So, in Graham's view, intelligence has to do with focusing loads of resources on processing in a handful of narrow domains that match one's innate biases, whereas wisdom has to do with evenly distributing processing across all the different domains in one's environment.

Along these lines Graham also notes (correctly, I think) that:

The wise are all much alike in their wisdom, but very smart people tend to be smart in distinctive ways.

As Graham conceives it, wisdom is basically equivalent to general intelligence: it's intelligence averaged across a variety of situations. In mathematics there exist various sorts of averages, some of which weight extreme values more heavily than others (these are p'th power averages). Graham's view would be that "wisdom" and "intelligence" are both estimates of general intelligence (defined as intelligence averaged over different domains/tasks), but with different sorts of averaging: in the case of intelligence, an averaging that pays especial attention to extremes (say a p-power average with p=5, or whatever); and in the case of wisdom, a more typical arithmetic averaging.

This is all sort of nice, but (as will become clear as the essay unfolds) I don't really think it gets at the crux of the matter.


Wisdom Goes Beyond the Individual

Another interesting perspective (that I also think doesn't get at the crux of the matter) is given in the paper "Meaning generation and artificial wisdom" with abstract

We propose an interpretation of wisdom in terms of meaning generation in social groups. Sapient agents are able to generate useful meanings for other agents beyond their own capability of generation of self-meanings. This makes sapient agents specially valuable entities in agent societies because they provide interagent reliable third-person meaning generation that provides some functional redundancy that contributes to enhance individual and social robustness and global performance.
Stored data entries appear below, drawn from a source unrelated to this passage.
(* Consider a Bayesian neural network with $L$ layers, input $\mathbf{h}^{(0)}=\mathbf{x}$, hidden variables $\mathbf{h}^{(1)},\dots,\mathbf{h}^{(L-1)}$, output $\mathbf{h}^{(L)}=\mathbf{y}$, and model parameters $\boldsymbol{\theta}=(\boldsymbol{\theta}^{(0)},\dots,\boldsymbol{\theta}^{(L-1)})$. Assume: (i) the approximate posterior over the parameters factorizes over layers, $Q(\boldsymbol{\theta};\phi)=\prod_{l=0}^{L-1}Q(\boldsymbol{\theta}^{(l)};\phi^{(l)})$; (ii) the hidden variables are Markovian, $\Pr[\mathbf{h}^{(l+1)}\mid \mathbf{h}^{(0)},\dots,\mathbf{h}^{(l)},\boldsymbol{\theta}^{(0)},\dots,\boldsymbol{\theta}^{(l)}]=\Pr[\mathbf{h}^{(l+1)}\mid \mathbf{h}^{(l)},\boldsymbol{\theta}^{(l)}]$ for all $l$. Fix a data point $(x_n,y_n)$ and define $$\mathcal{L}_n(\phi)=\mathbb{E}_{\boldsymbol{\theta}\sim Q(\cdot;\phi)}\big[\log \Pr[y_n\mid x_n,\boldsymbol{\theta}]\big],$$ where $\Pr[y_n\mid x_n,\theta]=\int \Pr[y_n\mid h^{(L-1)},\theta^{(L-1)}]\,\Pr[h^{(L-1)}\mid x_n,\theta^{(0:L-2)}]\,dh^{(L-1)}$. Let $P(h^{(L-1)})=\Pr[h^{(L-1)}\mid x_n]=\int \Pr[h^{(L-1)}\mid x_n,\theta^{(0:L-2)}]\prod_{l=0}^{L-2}Q(\theta^{(l)};\phi^{(l)})\,d\theta^{(0:L-2)}$ be the predictive distribution of $\mathbf{h}^{(L-1)}$ given $x_n$, and define $$\overline{\mathcal{L}}_n(\phi)=\mathbb{E}_{\mathbf{h}^{(L-1)}\sim P;\ \boldsymbol{\theta}^{(L-1)}\sim Q(\cdot;\phi^{(L-1)})}\big[\log \Pr[y_n\mid \mathbf{h}^{(L-1)},\boldsymbol{\theta}^{(L-1)}]\big],$$ with $\mathbf{h}^{(L-1)}$ and $\boldsymbol{\theta}^{(L-1)}$ drawn independently. Then $\overline{\mathcal{L}}_n(\phi)\le \mathcal{L}_n(\phi)$. Moreover, equality $\overline{\mathcal{L}}_n(\phi)=\mathcal{L}_n(\phi)$ holds if $\mathbf{h}^{(L-1)}$ is deterministic given the input $x_n$ and the parameters $\theta^{(0:L-2)}$ of all layers before the last.
   Context: Notation: $\theta^{(0:L-2)}$ denotes $(\theta^{(0)},\dots,\theta^{(L-2)})$. All expectations/integrals are assumed well defined (integrals become sums for discrete variables). $\mathcal{L}_n(\phi)$ is the expected log-likelihood term of the evidence lower bound for variational Bayesian learning. *)

theory Defs
  imports "HOL-Probability.Probability"
begin

text \<open>Layers: hidden variable h^(l) lives in the measurable space S l (carried by a
common type 'h); the parameters theta^(l) of layer l live in the space of Q l, where
Q l = Q(.;phi^(l)) is the (fixed-phi) approximate posterior factor of layer l.
T l h p is the conditional distribution Pr[h^(l+1) | h^(l) = h, theta^(l) = p].\<close>

text \<open>Pr[h^(l) | x, theta^(0:l-1)], obtained from the Markov chain of layer transitions.\<close>
fun hidden :: "(nat \<Rightarrow> 'h measure) \<Rightarrow> (nat \<Rightarrow> 'h \<Rightarrow> 'p \<Rightarrow> 'h measure) \<Rightarrow> 'h \<Rightarrow> nat
                \<Rightarrow> (nat \<Rightarrow> 'p) \<Rightarrow> 'h measure" where
  "hidden S T x 0 \<theta> = return (S 0) x"
| "hidden S T x (Suc l) \<theta> = bind (hidden S T x l \<theta>) (\<lambda>h. T l h (\<theta> l))"

text \<open>Pr[y_n | x_n, theta] = integral of Pr[y_n | h^(L-1), theta^(L-1)] against
Pr[h^(L-1) | x_n, theta^(0:L-2)]; lik h p stands for Pr[y_n | h^(L-1) = h, theta^(L-1) = p].\<close>
definition pred_lik :: "(nat \<Rightarrow> 'h measure) \<Rightarrow> (nat \<Rightarrow> 'h \<Rightarrow> 'p \<Rightarrow> 'h measure) \<Rightarrow> 'h \<Rightarrow> nat
                \<Rightarrow> ('h \<Rightarrow> 'p \<Rightarrow> real) \<Rightarrow> (nat \<Rightarrow> 'p) \<Rightarrow> real" where
  "pred_lik S T x L lik \<theta> = (\<integral>h. lik h (\<theta> (L - 1)) \<partial>(hidden S T x (L - 1) \<theta>))"

definition ell :: "(nat \<Rightarrow> 'p measure) \<Rightarrow> (nat \<Rightarrow> 'h measure) \<Rightarrow> (nat \<Rightarrow> 'h \<Rightarrow> 'p \<Rightarrow> 'h measure)
                \<Rightarrow> 'h \<Rightarrow> nat \<Rightarrow> ('h \<Rightarrow> 'p \<Rightarrow> real) \<Rightarrow> real" where
  "ell Q S T x L lik = (\<integral>\<theta>. ln (pred_lik S T x L lik \<theta>) \<partial>(PiM {..<L} Q))"

definition hidden_pred :: "(nat \<Rightarrow> 'p measure) \<Rightarrow> (nat \<Rightarrow> 'h measure) \<Rightarrow> (nat \<Rightarrow> 'h \<Rightarrow> 'p \<Rightarrow> 'h measure)
                \<Rightarrow> 'h \<Rightarrow> nat \<Rightarrow> 'h measure" where
  "hidden_pred Q S T x L = bind (PiM {..<L - 1} Q) (\<lambda>\<theta>. hidden S T x (L - 1) \<theta>)"
lemma range_embed_poly: "range (embed_poly j) = {a. Poly_Mapping.keys a \<subseteq> range (dyadic_frac j)}"
proof (intro equalityI subsetI)
  fix a assume "a \<in> range (embed_poly j)"
  then obtain p where "a = embed_poly j p" by blast
  then show "a \<in> {a. Poly_Mapping.keys a \<subseteq> range (dyadic_frac j)}"
    using lookup_embed_poly_outside[of _ j p] by (auto simp: Poly_Mapping.in_keys_iff)
next
  fix a :: QM assume a: "a \<in> {a. Poly_Mapping.keys a \<subseteq> range (dyadic_frac j)}"
  define f where "f i = Poly_Mapping.lookup a (dyadic_frac j i)" for i
  have "{i. f i \<noteq> 0} = dyadic_frac j -` Poly_Mapping.keys a"
    by (auto simp: f_def Poly_Mapping.in_keys_iff)
  moreover have "finite (dyadic_frac j -` Poly_Mapping.keys a)"
    by (rule finite_vimageI) (auto simp: inj_on_def)
  ultimately have "finite {i. f i \<noteq> 0}" by simp
  then obtain n where n: "\<And>i. f i \<noteq> 0 \<Longrightarrow> i \<le> n"
    using finite_nat_set_iff_bounded_le by auto
  have coeff_f: "coeff (Abs_poly f) = f"
    by (rule coeff_Abs_poly[of n]) (use n in force)
  have "a = embed_poly j (Abs_poly f)"
  proof (rule poly_mapping_eqI)
    fix d
    show "Poly_Mapping.lookup a d = Poly_Mapping.lookup (embed_poly j (Abs_poly f)) d"
    proof (cases "d \<in> range (dyadic_frac j)")
      case True
      then obtain i where "d = dyadic_frac j i" by blast
      then show ?thesis by (simp add: lookup_embed_poly coeff_f f_def)
    next
      case False
      then have "d \<notin> Poly_Mapping.keys a" using a by blast
      then show ?thesis
        using lookup_embed_poly_outside[OF False] by (simp add: Poly_Mapping.in_keys_iff)
    qed
  qed
  then show "a \<in> range (embed_poly j)" by blast
qed

lemma finite_subset_range_embed_poly:
  assumes "finite A"
  obtains j where "A \<subseteq> range (embed_poly j)"
proof -
  have "finite (\<Union>a\<in>A. Poly_Mapping.keys a)" using assms by simp
  then obtain j where "(\<Union>a\<in>A. Poly_Mapping.keys a) \<subseteq> range (dyadic_frac j)"
    using finite_subset_range_dyadic_frac by blast
  then show ?thesis using that unfolding range_embed_poly by blast
qed

lemma embed_poly_0 [simp]: "embed_poly j 0 = 0"
  by (simp add: embed_poly_def)

lemma embed_poly_const: "embed_poly j [:c:] = Poly_Mapping.single 0 c"
  by (simp add: embed_poly_def)

lemma embed_poly_1 [simp]: "embed_poly j 1 = 1"
  by (simp add: embed_poly_def)

lemma embed_poly_add: "embed_poly j (p + q) = embed_poly j p + embed_poly j q"
proof -
  obtain n where n: "degree p < n" "degree q < n" "degree (p + q) < n"
    using degree_add_le_max[of p q] by (metis le_imp_less_Suc max.cobounded1 max.cobounded2 order.trans)
  show ?thesis
    by (simp add: embed_poly_eq_sum[OF n(1)] embed_poly_eq_sum[OF n(2)] embed_poly_eq_sum[OF n(3)]
        single_add sum.distrib)
qed

lemma embed_poly_smult: "embed_poly j (smult c p) = Poly_Mapping.single 0 c * embed_poly j p"
proof -
  obtain n where n: "degree p < n" "degree (smult c p) < n"
    using degree_smult_le[of c p] by (metis le_imp_less_Suc lessI)
  show ?thesis
    by (simp only: embed_poly_eq_sum[OF n(1)] embed_poly_eq_sum[OF n(2)] sum_distrib_left
        mult_single coeff_smult add_0)
qed

lemma embed_poly_pCons_0:
  "embed_poly j (pCons 0 p) = Poly_Mapping.single (dyadic_frac j 1) 1 * embed_poly j p"
proof -
  obtain n where n: "degree p < n" "degree (pCons 0 p) < Suc n"
    using degree_pCons_le[of 0 p] by (metis Suc_less_eq le_imp_less_Suc lessI)
  have "embed_poly j (pCons 0 p)
      = (\<Sum>i<Suc n. Poly_Mapping.single (dyadic_frac j i) (coeff (pCons 0 p) i))"
    by (rule embed_poly_eq_sum[OF n(2)])
  also have "\<dots> = (\<Sum>i<n. Poly_Mapping.single (dyadic_frac j (Suc i)) (coeff p i))"
    by (simp only: sum.lessThan_Suc_shift coeff_pCons_0 coeff_pCons_Suc single_zero add_0)
  also have "\<dots> = Poly_Mapping.single (dyadic_frac j 1) 1 * embed_poly j p"
    by (simp add: embed_poly_eq_sum[OF n(1)] sum_distrib_left mult_single dyadic_frac_add[symmetric])
  finally show ?thesis .
qed

lemma embed_poly_mult: "embed_poly j (p * q) = embed_poly j p * embed_poly j q"
proof (induction p)
  case (pCons a p)
  have "embed_poly j (pCons a p)
      = Poly_Mapping.single 0 a + Poly_Mapping.single (dyadic_frac j 1) 1 * embed_poly j p"
    using embed_poly_add[of j "[:a:]" "pCons 0 p"] by (simp add: embed_poly_const embed_poly_pCons_0)
  moreover have "embed_poly j (pCons a p * q)
      = Poly_Mapping.single 0 a * embed_poly j q
        + Poly_Mapping.single (dyadic_frac j 1) 1 * (embed_poly j p * embed_poly j q)"
    by (simp add: embed_poly_add embed_poly_smult embed_poly_pCons_0 pCons.IH)
  ultimately show ?case by (simp add: algebra_simps)
qed simp

lemma embed_poly_dvd: "p dvd q \<Longrightarrow> embed_poly j p dvd embed_poly j q"
  by (auto simp: embed_poly_mult elim!: dvdE)

lemma embed_poly_dvd_1_iff: "embed_poly j p dvd 1 \<longleftrightarrow> p dvd 1"
proof
  assume "embed_poly j p dvd 1"
  then obtain v where v: "1 = embed_poly j p * v" by (elim dvdE)
  have "finite {embed_poly j p, v}" by simp
  then obtain J where "{embed_poly j p, v} \<subseteq> range (embed_poly J)"
    by (rule finite_subset_range_embed_poly)
  then obtain p' q where p': "embed_poly j p = embed_poly J p'" and q: "v = embed_poly J q"
    by auto
  have "embed_poly J (p' * q) = embed_poly J 1"
    using v by (simp add: embed_poly_mult p' q)
  then have "p' dvd 1" by (metis dvdI embed_poly_eq_iff)
  then obtain c where c: "p' = [:c:]" "c dvd 1" by (elim is_unit_polyE)
  then have "embed_poly j p = embed_poly j [:c:]"
    using p' by (simp add: embed_poly_const)
  then show "p dvd 1" using c(2) by (simp add: is_unit_const_poly_iff)
next
  assume "p dvd 1"
  then show "embed_poly j p dvd 1" using embed_poly_dvd[of p 1 j] by simp
qed

lemma irreducible_if_irreducible_embed_poly:
  assumes "irreducible (embed_poly j p)"
  shows "irreducible p"
proof (rule irreducibleI)
  show "p \<noteq> 0" "\<not> p dvd 1"
    using assms embed_poly_dvd_1_iff by (auto simp: irreducible_def)
  fix a b assume "p = a * b"
  then have "embed_poly j p = embed_poly j a * embed_poly j b" by (simp add: embed_poly_mult)
  then show "a dvd 1 \<or> b dvd 1"
    using irreducibleD[OF assms] embed_poly_dvd_1_iff by blast
qed

lemma prime_elem_if_irreducible_QM:
  fixes a :: QM
  assumes "irreducible a"
  shows "prime_elem a"
proof (rule prime_elemI)
  show "a \<noteq> 0" "\<not> a dvd 1" using assms by (auto simp: irreducible_def)
  fix b c assume "a dvd b * c"
  then obtain q where q: "b * c = a * q" by (elim dvdE)
  have "finite {a, b, c, q}" by simp
  then obtain J where "{a, b, c, q} \<subseteq> range (embed_poly J)"
    by (rule finite_subset_range_embed_poly)
  then obtain pa pb pc pq where embed: "a = embed_poly J pa" "b = embed_poly J pb"
    "c = embed_poly J pc" "q = embed_poly J pq"
    by auto
  have "pb * pc = pa * pq"
    using q by (simp add: embed embed_poly_mult[symmetric])
  then have "pa dvd pb * pc" by (rule dvdI)
  moreover have "prime_elem pa"
    using assms irreducible_if_irreducible_embed_poly[of J pa] unfolding embed
    by (simp add: irreducible_imp_prime_elem)
  ultimately have "pa dvd pb \<or> pa dvd pc" by (simp add: prime_elem_dvd_mult_iff)
  then show "a dvd b \<or> a dvd c" unfolding embed by (auto intro: embed_poly_dvd)
qed

lemma principal_ideal_subset_iff: "principal_ideal a \<subseteq> principal_ideal b \<longleftrightarrow> b dvd a"
  unfolding principal_ideal_def by (auto simp: mult.assoc intro: exI[of _ 1] elim!: dvdE)

lemma principal_ideal_chains_stabilize_iff_accp_at:
  "(\<forall>g :: nat \<Rightarrow> QM. g 0 = P \<and> (\<forall>n. principal_ideal (g n) \<subseteq> principal_ideal (g (Suc n)))
      \<longrightarrow> (\<exists>N. \<forall>n\<ge>N. principal_ideal (g n) = principal_ideal (g N)))
   \<longleftrightarrow> accp_at P"
proof -
  have "(\<forall>n\<ge>N. principal_ideal (g n) = principal_ideal (g N)) \<longleftrightarrow> (\<forall>n\<ge>N. g N dvd g n)"
    if "\<forall>n. g (Suc n) dvd g n" for g :: "nat \<Rightarrow> QM" and N
    using dvd_chain_antimono[of g N] that
    by (auto simp: set_eq_subset principal_ideal_subset_iff)
  then show ?thesis
    unfolding accp_at_def principal_ideal_subset_iff by blast
qed

theorem corollary4p3:
  fixes P :: QM
  assumes "P \<noteq> 0"
  shows "(finite ((\<lambda>d. {e. e dvd d \<and> d dvd e}) ` {d. d dvd P})
          \<longleftrightarrow> (\<forall>g :: nat \<Rightarrow> QM. g 0 = P \<and> (\<forall>n. principal_ideal (g n) \<subseteq> principal_ideal (g (Suc n)))
                 \<longrightarrow> (\<exists>N. \<forall>n\<ge>N. principal_ideal (g n) = principal_ideal (g N))))
       \<and> ((\<forall>g :: nat \<Rightarrow> QM. g 0 = P \<and> (\<forall>n. principal_ideal (g n) \<subseteq> principal_ideal (g (Suc n)))
                 \<longrightarrow> (\<exists>N. \<forall>n\<ge>N. principal_ideal (g n) = principal_ideal (g N)))
          \<longleftrightarrow> (P dvd 1 \<or> (\<exists>xs. xs \<noteq> [] \<and> (\<forall>x\<in>set xs. irred x) \<and> P = prod_list xs)))"
proof -
  have classes: "(\<lambda>d. {e. e dvd d \<and> d dvd e}) = (assoc_class :: QM \<Rightarrow> QM set)"
    by (simp add: fun_eq_iff assoc_class_def)
  have atoms: "(P dvd 1 \<or> (\<exists>xs. xs \<noteq> [] \<and> (\<forall>x\<in>set xs. irred x) \<and> P = prod_list xs))
      \<longleftrightarrow> atomic P"
    by (simp add: atomic_def irred_def irreducible_def)
  have "finite (assoc_class ` {d. d dvd P}) \<Longrightarrow> accp_at P"
    by (rule accp_at_if_finite_divisor_classes)
  moreover have "accp_at P \<Longrightarrow> atomic P"
    using assms by (rule atomic_if_accp_at)
  moreover have "atomic P \<Longrightarrow> finite (assoc_class ` {d. d dvd P})"
    using prime_elem_if_irreducible_QM by (rule finite_divisor_classes_if_atomic)
  ultimately show ?thesis
    unfolding classes atoms principal_ideal_chains_stabilize_iff_accp_at by blast
qed

end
Here wisdom is identified with the ability to generate meaning in the social group, going beyond meaning that is perceptible by the individual doing the meaning-generating. This harks back to Erikson's understanding of wisdom as related to identification with the world at large, beyond the mind/body.

This view also reminds me vaguely of Aldous Huxley's Perennial Philosophy, an attempt to distill the "wisdom teachings" of all the world's religions. In the Perennial Philosophy, wisdom teaches that the individual self is an illusion and all of us are one with the universe (and yet in a sense still distinct and individual.)

Mulling over all this, none of it really satisfied me. Of course, a folks concept like "wisdom" can't be expected to have a crisp and sensible formalistic definition ... but it still seemed to me that all the attempts at systematization and formalization I'd read about were missing some really essential aspects of the folk concept.

Wisdom, Cleverness and Skillfulness

And so, I came up with a totally different idea....

After a fair bit of musing, my mind kept drifting to the familiar distinction between declarative, procedural and episodic memory (drawn from textbook cognitive psych).

Remember:

  • Declarative knowledge = knowledge of facts, conjectures, hypotheses (abstract or concrete)
  • Procedural knowledge = knowledge of how to do things (could be physical, mental, social, etc.)
  • Episodic knowledge = knowledge of stories that have occurred in the history of intelligent beings (oneself, others one knows, others one has heard about,...)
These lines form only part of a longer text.